→ **Directions for this task**
Only the lines holding the word "imports" are wanted; copy each of them from the listing.

→ **Materials provided**

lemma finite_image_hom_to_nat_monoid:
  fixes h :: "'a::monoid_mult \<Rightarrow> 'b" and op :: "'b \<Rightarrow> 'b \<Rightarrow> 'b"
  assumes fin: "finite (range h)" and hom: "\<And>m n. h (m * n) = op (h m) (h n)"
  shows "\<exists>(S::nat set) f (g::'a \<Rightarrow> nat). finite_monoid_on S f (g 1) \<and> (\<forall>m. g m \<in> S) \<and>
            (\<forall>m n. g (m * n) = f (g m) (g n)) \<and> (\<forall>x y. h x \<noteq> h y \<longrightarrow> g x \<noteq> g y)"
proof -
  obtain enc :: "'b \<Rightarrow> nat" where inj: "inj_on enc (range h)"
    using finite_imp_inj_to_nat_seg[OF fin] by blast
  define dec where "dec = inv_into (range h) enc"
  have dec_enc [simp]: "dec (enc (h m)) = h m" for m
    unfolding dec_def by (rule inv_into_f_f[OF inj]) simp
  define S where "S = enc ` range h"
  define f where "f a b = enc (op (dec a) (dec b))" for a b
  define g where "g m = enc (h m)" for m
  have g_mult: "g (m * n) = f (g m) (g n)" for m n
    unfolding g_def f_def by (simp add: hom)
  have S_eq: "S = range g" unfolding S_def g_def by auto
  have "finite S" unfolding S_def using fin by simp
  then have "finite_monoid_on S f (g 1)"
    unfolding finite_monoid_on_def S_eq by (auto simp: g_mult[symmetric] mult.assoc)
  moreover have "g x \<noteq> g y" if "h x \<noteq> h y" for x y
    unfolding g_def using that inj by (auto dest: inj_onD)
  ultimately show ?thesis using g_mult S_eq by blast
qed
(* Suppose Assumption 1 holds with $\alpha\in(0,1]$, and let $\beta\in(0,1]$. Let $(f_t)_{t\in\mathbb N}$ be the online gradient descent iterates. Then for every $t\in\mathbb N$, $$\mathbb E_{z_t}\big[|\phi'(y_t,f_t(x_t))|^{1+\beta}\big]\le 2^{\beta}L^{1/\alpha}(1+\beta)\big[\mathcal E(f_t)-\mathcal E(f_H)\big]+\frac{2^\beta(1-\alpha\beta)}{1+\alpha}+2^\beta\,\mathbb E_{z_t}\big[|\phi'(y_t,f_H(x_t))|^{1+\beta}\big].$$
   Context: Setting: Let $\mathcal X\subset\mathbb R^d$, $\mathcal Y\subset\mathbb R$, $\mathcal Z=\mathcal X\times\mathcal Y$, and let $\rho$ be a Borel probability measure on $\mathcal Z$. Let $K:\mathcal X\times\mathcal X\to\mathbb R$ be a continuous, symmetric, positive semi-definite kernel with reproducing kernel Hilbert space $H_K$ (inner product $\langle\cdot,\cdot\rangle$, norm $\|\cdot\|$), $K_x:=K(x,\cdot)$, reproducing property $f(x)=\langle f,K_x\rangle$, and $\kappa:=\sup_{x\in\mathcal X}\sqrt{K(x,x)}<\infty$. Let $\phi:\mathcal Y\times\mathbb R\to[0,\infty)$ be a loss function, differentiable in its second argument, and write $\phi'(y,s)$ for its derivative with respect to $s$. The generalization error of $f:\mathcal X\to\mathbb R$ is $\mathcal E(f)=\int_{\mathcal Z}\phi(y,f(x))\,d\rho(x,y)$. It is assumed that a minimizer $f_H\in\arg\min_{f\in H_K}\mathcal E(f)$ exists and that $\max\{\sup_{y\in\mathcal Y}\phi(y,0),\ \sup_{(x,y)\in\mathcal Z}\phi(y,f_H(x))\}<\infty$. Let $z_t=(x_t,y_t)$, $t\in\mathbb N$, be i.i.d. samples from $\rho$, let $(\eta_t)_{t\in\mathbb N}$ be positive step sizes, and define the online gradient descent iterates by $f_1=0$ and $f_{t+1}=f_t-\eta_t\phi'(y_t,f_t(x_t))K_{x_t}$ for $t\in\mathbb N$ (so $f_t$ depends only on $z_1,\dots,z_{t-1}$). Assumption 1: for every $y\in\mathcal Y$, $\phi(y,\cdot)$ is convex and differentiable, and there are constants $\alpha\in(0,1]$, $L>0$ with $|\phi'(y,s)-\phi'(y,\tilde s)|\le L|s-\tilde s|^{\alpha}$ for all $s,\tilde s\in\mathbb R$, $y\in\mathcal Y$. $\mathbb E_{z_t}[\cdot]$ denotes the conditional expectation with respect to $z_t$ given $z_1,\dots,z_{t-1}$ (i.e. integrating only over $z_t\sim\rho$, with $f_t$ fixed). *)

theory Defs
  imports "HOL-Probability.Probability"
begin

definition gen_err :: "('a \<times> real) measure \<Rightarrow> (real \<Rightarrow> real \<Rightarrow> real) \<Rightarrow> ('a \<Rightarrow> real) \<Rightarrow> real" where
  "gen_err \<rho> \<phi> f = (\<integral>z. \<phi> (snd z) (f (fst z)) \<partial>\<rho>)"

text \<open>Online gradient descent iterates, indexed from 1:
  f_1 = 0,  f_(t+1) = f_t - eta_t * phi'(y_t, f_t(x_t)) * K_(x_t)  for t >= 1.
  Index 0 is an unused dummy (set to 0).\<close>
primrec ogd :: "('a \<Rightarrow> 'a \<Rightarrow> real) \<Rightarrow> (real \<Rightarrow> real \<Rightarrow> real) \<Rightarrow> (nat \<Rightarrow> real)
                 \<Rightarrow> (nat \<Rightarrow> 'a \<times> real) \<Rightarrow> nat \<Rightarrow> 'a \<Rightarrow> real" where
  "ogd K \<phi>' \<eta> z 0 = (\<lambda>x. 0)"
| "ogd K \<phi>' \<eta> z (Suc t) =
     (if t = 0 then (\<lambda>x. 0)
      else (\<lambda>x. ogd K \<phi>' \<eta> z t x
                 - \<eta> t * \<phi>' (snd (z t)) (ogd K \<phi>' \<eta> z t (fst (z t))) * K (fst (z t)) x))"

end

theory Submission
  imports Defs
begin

→ **Answer to this task**
  imports "HOL-Probability.Probability"
  imports Defs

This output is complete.